Bruxelles C'est la demande formulée par le groupe de travail du Parlement bruxellois qui se penche sur l'opportunité d'établir un régime de limitation de vitesse variable sur certaines voiries régionales et interrégionales.

Ralentir pour aller plus vite: c'est la formule que le MR bruxellois serine depuis 2015. Depuis les bancs de l'opposition, les libéraux tentent, en effet, de convaincre la majorité régionale de l'opportunité d'instaurer une gestion dynamique des limitations de vitesse.

Concrètement, il s'agit d'adapter les limitations de vitesse -à la hausse ou à la baisse- en fonction de divers critères tels que la congestion, les accidents de circulation ou encore les conditions météo. Ce qui suppose l'instauration de mesures de trafic en temps réel et de panneaux de signalisation dynamiques.

"Une limitation de vitesse parfois très basse permet de limiter les mouvements d'accélération et de décélération qui sont sources d'embouteillages et d'accidents.
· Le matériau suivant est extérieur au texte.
(* Let $\tau\in\mathbb C$ with $\mathrm{Im}(\tau)>0$ and set $q=\exp\bigl(\pi i\,\frac{4\tau-1}{4\tau}\bigr)$ (so $|q|<1$). With $\epsilon(q)=\prod_{n\ge1}(1+q^n)$ and $\bar\epsilon(q)=\epsilon(-q)$, one has $$2\epsilon(q)^2\bar\epsilon(q)^2-\left(\frac{\theta_2(0|2\tau)}{\theta_3(0|2\tau)}\right)^2\bigl(\epsilon(q)^4+\bar\epsilon(q)^4\bigr)=0.$$
   Context: For $\tau$ in the upper half plane and $z\in\mathbb C$, with $q_\tau=e^{\pi i\tau}$, $q_z=e^{\pi i z}$, the Jacobi theta functions are $\theta_2(z|\tau)=\sum_{n\in\mathbb Z}q_\tau^{(n+\frac12)^2}q_z^{2n+1}$ and $\theta_3(z|\tau)=\sum_{n\in\mathbb Z}q_\tau^{n^2}q_z^{2n}$, where $q_\tau^{c}$ means $e^{\pi i\tau c}$. *)

theory Defs
  imports "HOL-Analysis.Analysis"
begin

definition theta2 :: "complex \<Rightarrow> complex \<Rightarrow> complex" where
  "theta2 z \<tau> = (\<Sum>\<^sub>\<infinity>n::int. exp (pi * \<i> * \<tau> * (of_int n + 1/2)^2) * exp (pi * \<i> * z * (2 * of_int n + 1)))"

definition theta3 :: "complex \<Rightarrow> complex \<Rightarrow> complex" where
  "theta3 z \<tau> = (\<Sum>\<^sub>\<infinity>n::int. exp (pi * \<i> * \<tau> * (of_int n)^2) * exp (pi * \<i> * z * (2 * of_int n)))"

definition eps :: "complex \<Rightarrow> complex" where
  "eps q = (\<Prod>n. (1 + q ^ (Suc n)))"

definition eps_bar :: "complex \<Rightarrow> complex" where
  "eps_bar q = eps (- q)"

end

theory Submission
  imports Defs "HOL-Complex_Analysis.Complex_Analysis"
begin

text \<open>
  Put \<sigma> = -1/(4\<tau>) and p = exp(\<pi>i\<sigma>), so that q = -p. An entire function F with
  F(z + 1) = F(z) and F(z + t) = exp(-\<pi>it - 2\<pi>iz) F(z) has Fourier coefficients
  c(n) = exp(\<pi>itn^2) c(0), hence equals c(0) theta3(z|t). Applied to exp(-\<pi>iz^2/t) theta3(z/t|-1/t)
  this gives the modular transformation theta2(0|t)/theta3(0|t) = theta3(1/2|-1/t)/theta3(0|-1/t).
  Applied to the product of (1 + p^(2n+1) e^(2\<pi>iz)) (1 + p^(2n+1) e^(-2\<pi>iz)) over n it gives
  a/b = (\<Prod>(1 - p^(2n+1)) / \<Prod>(1 + p^(2n+1)))^2 for a = theta3(0|\<sigma>), b = theta3(1/2|\<sigma>), and
  with Euler's identity \<epsilon>(p) \<Prod>(1 - p^(2n+1)) = \<epsilon>(-p) \<Prod>(1 + p^(2n+1)) this becomes
  a \<epsilon>(q)^2 = b \<epsilon>(-q)^2. Regrouping the double series of a product of two theta series along
  m + n and m - n gives a^2 + b^2 = 2A^2 and ab = B^2 for A = theta3(0|2\<sigma>), B = theta3(1/2|2\<sigma>),
  and since theta2(0|2\<tau>)/theta3(0|2\<tau>) = B/A the claim becomes a polynomial identity.
\<close>

section \<open>The theta series\<close>

definition theta3_term :: "complex \<Rightarrow> complex \<Rightarrow> int \<Rightarrow> complex" where
  "theta3_term t z n = exp (pi * \<i> * t * (of_int n)^2) * exp (pi * \<i> * z * (2 * of_int n))"

lemma theta3_eq_infsum: "theta3 z t = (\<Sum>\<^sub>\<infinity>n. theta3_term t z n)"
  by (simp add: theta3_def theta3_term_def)

lemma norm_theta3_term:
  "norm (theta3_term t z n) = exp (- pi * Im t * (of_int n)^2 - 2 * pi * of_int n * Im z)"
  by (simp add: theta3_term_def norm_mult exp_add[symmetric] algebra_simps)

lemma range_int_Un_range_neg_Suc: "range int \<union> range (\<lambda>n. - int (Suc n)) = UNIV"
proof -
  have "k \<in> range int \<union> range (\<lambda>n. - int (Suc n))" for k :: int
  proof (cases "k \<ge> 0")
    case True then show ?thesis by (auto intro!: image_eqI[of _ _ "nat k"])
  next
    case False then show ?thesis by (auto intro!: image_eqI[of _ _ "nat (-k-1)"])
  qed
  then show ?thesis by auto
qed

lemma summable_on_power_nat_abs:
  fixes r :: real
  assumes "0 \<le> r" "r < 1"
  shows "(\<lambda>n::int. r ^ nat \<bar>n\<bar>) summable_on UNIV"
proof -
  have geom: "summable (\<lambda>n. norm (r ^ n))"
    using assms by (simp add: norm_power summable_geometric)
  have "(\<lambda>n. r ^ n) summable_on UNIV"
    by (rule norm_summable_imp_summable_on[OF geom])
  then have nonneg: "(\<lambda>n::int. r ^ nat \<bar>n\<bar>) summable_on range int"
    by (subst summable_on_reindex) (auto simp: o_def)
  have "summable (\<lambda>n. norm (r ^ Suc n))"
    using summable_ignore_initial_segment[OF geom, of 1] by simp
  then have "(\<lambda>n. r ^ Suc n) summable_on UNIV"
    by (rule norm_summable_imp_summable_on)
  then have neg: "(\<lambda>n::int. r ^ nat \<bar>n\<bar>) summable_on range (\<lambda>n. - int (Suc n))"
    by (subst summable_on_reindex) (auto simp: inj_on_def o_def simp del: of_nat_Suc)
  have "range int \<inter> range (\<lambda>n. - int (Suc n)) = {}" by auto
  from summable_on_Un_disjoint[OF nonneg neg this] show ?thesis
    by (simp only: range_int_Un_range_neg_Suc)
qed

lemma linear_minus_quadratic_le:
  fixes b c m :: real
  assumes "b > 0"
  shows "c * m - b * m^2 \<le> c^2 / (4 * b)"
proof -
  have "0 \<le> (c - 2 * b * m)^2" by simp
  then have "0 \<le> c^2 - 4 * b * (c * m - b * m^2)" by (simp add: power2_eq_square algebra_simps)
  then show ?thesis using assms by (simp add: field_simps)
qed

lemma norm_theta3_term_le:
  assumes t: "Im t > 0" and z: "\<bar>Im z\<bar> \<le> R"
  shows "norm (theta3_term t z n) \<le> exp ((2*pi*R + 1)^2 / (4 * (pi * Im t))) * exp (-1) ^ nat \<bar>n\<bar>"
proof -
  define m where "m = \<bar>real_of_int n\<bar>"
  have "\<bar>of_int n * Im z\<bar> \<le> m * R"
    unfolding m_def abs_mult by (rule mult_left_mono[OF z]) simp
  then have "2 * pi * (- (of_int n * Im z)) \<le> 2 * pi * (m * R)"
    by (intro mult_left_mono) auto
  moreover have "(of_int n)^2 = m^2" by (simp add: m_def)
  ultimately have "- pi * Im t * (of_int n)^2 - 2 * pi * of_int n * Im z
      \<le> (2*pi*R + 1) * m - (pi * Im t) * m^2 - m"
    by (simp add: algebra_simps)
  also have "\<dots> \<le> (2*pi*R + 1)^2 / (4 * (pi * Im t)) - m"
    using linear_minus_quadratic_le[of "pi * Im t" "2*pi*R + 1" m] t by simp
  also have "\<dots> = ln (exp ((2*pi*R + 1)^2 / (4 * (pi * Im t))) * exp (-1) ^ nat \<bar>n\<bar>)"
    by (simp add: ln_mult ln_realpow m_def)
  finally show ?thesis
    by (simp add: norm_theta3_term ln_ge_iff)
qed

lemma summable_on_theta3_term:
  assumes "Im t > 0"
  shows "theta3_term t z summable_on UNIV"
proof (rule abs_summable_summable)
  define C where "C = exp ((2*pi*\<bar>Im z\<bar> + 1)^2 / (4 * (pi * Im t)))"
  have "(\<lambda>n. C * exp (-1) ^ nat \<bar>n\<bar>) summable_on UNIV"
    by (intro summable_on_cmult_right summable_on_power_nat_abs) auto
  then show "(\<lambda>n. norm (theta3_term t z n)) summable_on UNIV"
    by (rule Infinite_Sum.abs_summable_on_comparison_test')
       (use norm_theta3_term_le[OF assms order.refl] in \<open>auto simp: C_def\<close>)
qed

lemma has_sum_theta3: "Im t > 0 \<Longrightarrow> (theta3_term t z has_sum theta3 z t) UNIV"
  unfolding theta3_eq_infsum by (rule has_sum_infsum[OF summable_on_theta3_term])

lemma uniform_limit_theta3:
  assumes "Im t > 0"
  shows "uniform_limit {z. \<bar>Im z\<bar> \<le> R} (\<lambda>X z. \<Sum>n\<in>X. theta3_term t z n) (\<lambda>z. theta3 z t)
           (finite_subsets_at_top UNIV)"
  unfolding theta3_eq_infsum
  by (rule Weierstrass_m_test_general[OF _ summable_on_cmult_right[OF summable_on_power_nat_abs]])
     (use norm_theta3_term_le[OF assms] in auto)

lemma cball_subset_strip: "cball w r \<subseteq> {z. \<bar>Im z\<bar> \<le> \<bar>Im w\<bar> + r}"
proof
  fix z assume "z \<in> cball w r"
  then have "\<bar>Im (z - w)\<bar> \<le> r"
    using abs_Im_le_cmod[of "z - w"] by (simp add: dist_norm norm_minus_commute)
  then show "z \<in> {z. \<bar>Im z\<bar> \<le> \<bar>Im w\<bar> + r}" by auto
qed

lemma holomorphic_on_UNIV_uniform_limit_strips:
  fixes f :: "'a \<Rightarrow> complex \<Rightarrow> complex"
  assumes lim: "\<And>R. uniform_limit {z. \<bar>Im z\<bar> \<le> R} (\<lambda>X z. \<Sum>n\<in>X. f n z) g (finite_subsets_at_top UNIV)"
    and holo: "\<And>n. f n holomorphic_on UNIV"
  shows "g holomorphic_on UNIV"
proof -
  have "g holomorphic_on ball w 1" for w
  proof -
    have "\<forall>\<^sub>F X in finite_subsets_at_top UNIV.
            continuous_on (cball w 1) (\<lambda>z. \<Sum>n\<in>X. f n z) \<and> (\<lambda>z. \<Sum>n\<in>X. f n z) holomorphic_on ball w 1"
    proof (rule eventually_finite_subsets_at_top_weakI)
      fix X :: "'a set"
      have "(\<lambda>z. \<Sum>n\<in>X. f n z) holomorphic_on UNIV"
        by (intro holomorphic_on_sum holo)
      then show "continuous_on (cball w 1) (\<lambda>z. \<Sum>n\<in>X. f n z) \<and> (\<lambda>z. \<Sum>n\<in>X. f n z) holomorphic_on ball w 1"
        by (meson holomorphic_on_imp_continuous_on holomorphic_on_subset subset_UNIV)
    qed
    then show ?thesis
      using holomorphic_uniform_limit[OF _ uniform_limit_on_subset[OF lim cball_subset_strip]]
      by auto
  qed
  then show ?thesis
    by (meson centre_in_ball holomorphic_on_imp_differentiable_at holomorphic_on_open open_UNIV
        open_ball zero_less_one)
qed

lemma theta3_holomorphic: "Im t > 0 \<Longrightarrow> (\<lambda>z. theta3 z t) holomorphic_on UNIV"
  by (rule holomorphic_on_UNIV_uniform_limit_strips[OF uniform_limit_theta3])
     (auto simp: theta3_term_def intro!: holomorphic_intros)

lemma exp_two_pi_i_int: "exp (2 * pi * \<i> * of_int k) = 1"
  by (simp add: exp_eq_1)

lemma theta3_plus_1: "theta3 (z + 1) t = theta3 z t"
proof -
  have "theta3_term t (z + 1) n = theta3_term t z n" for n
  proof -
    have "pi * \<i> * (z + 1) * (2 * of_int n) = pi * \<i> * z * (2 * of_int n) + 2 * pi * \<i> * of_int n"
      by (simp add: algebra_simps)
    then show ?thesis
      unfolding theta3_term_def by (simp only: exp_add exp_two_pi_i_int mult_1_right)
  qed
  then show ?thesis by (simp add: theta3_eq_infsum)
qed

lemma theta3_term_plus_period:
  "theta3_term t (z + t) n = exp (- pi * \<i> * t - 2 * pi * \<i> * z) * theta3_term t z (n + 1)"
  unfolding theta3_term_def mult_exp_exp by (simp add: power2_eq_square algebra_simps)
Qui plus est, les limitations de vitesse sont mieux respectées par les automobilistes lorsqu'ils savent que cela leur permettra au final d'arriver plus vite à destination", fait valoir Anne-Charlotte d'Ursel (MR), la députée à l'origine de la proposition de résolution.

Jusqu'ici, sa proposition n'avait pas suscité beaucoup d'enthousiasme au sein de la majorité régionale. Mais l'élue libérale est récemment parvenue à obtenir l'installation d'un groupe de travail pour se pencher sur ce projet.

Lundi, les députés bruxellois qui font partie de ce groupe de travail ont ainsi pu entendre des représentants de l'Institut Belge pour la Sécurite Routière (VIAS). Selon ces derniers, la mise en place des limitations de vitesse dynamiques sur l'autoroute permet d'obtenir une plus grande homogénéité du trafic et une limitation du nombre de dépassements. En résulte un trafic plus fluide, une vitesse moyenne plus importante, une plus grande sécurité routière et une diminution des émissions de CO2.

Mais pour ce qui est du milieu urbain, Vias estime qu'une étude spécifique serait nécessaire pour tenir compte de certains facteurs tels que les nombreuses entrées et sorties d'axes qui pourraient limiter l'efficacité du système.

À l'issue de cet exposé, le groupe de travail a conclu qu'il serait utile de demander au ministre bruxellois de la Mobilité Pascal Smet (SPA) d'effectuer un test, via Bruxelles Mobilité, sur une grande voie de pénétration de la capitale.

C'est l'avenue Charles-Quint, dans le nord ouest de la Région bruxelloise, qui a été citée. Longue de 2,8km et empruntée en moyenne par 65.000 automobilistes chaque jour, cette artère représente l'une des entrées principales dans la capitale. "En sachant que le tunnel Léopold II devra bientôt être rénové et que le trafic ne va pas disparaître du jour au lendemain, il est intéressant de réaliser un test à cet endroit", estime Anne-Charlotte d'Ursel qui évoque également la mauvaise qualité de l'air sur cet axe pourtant très habité.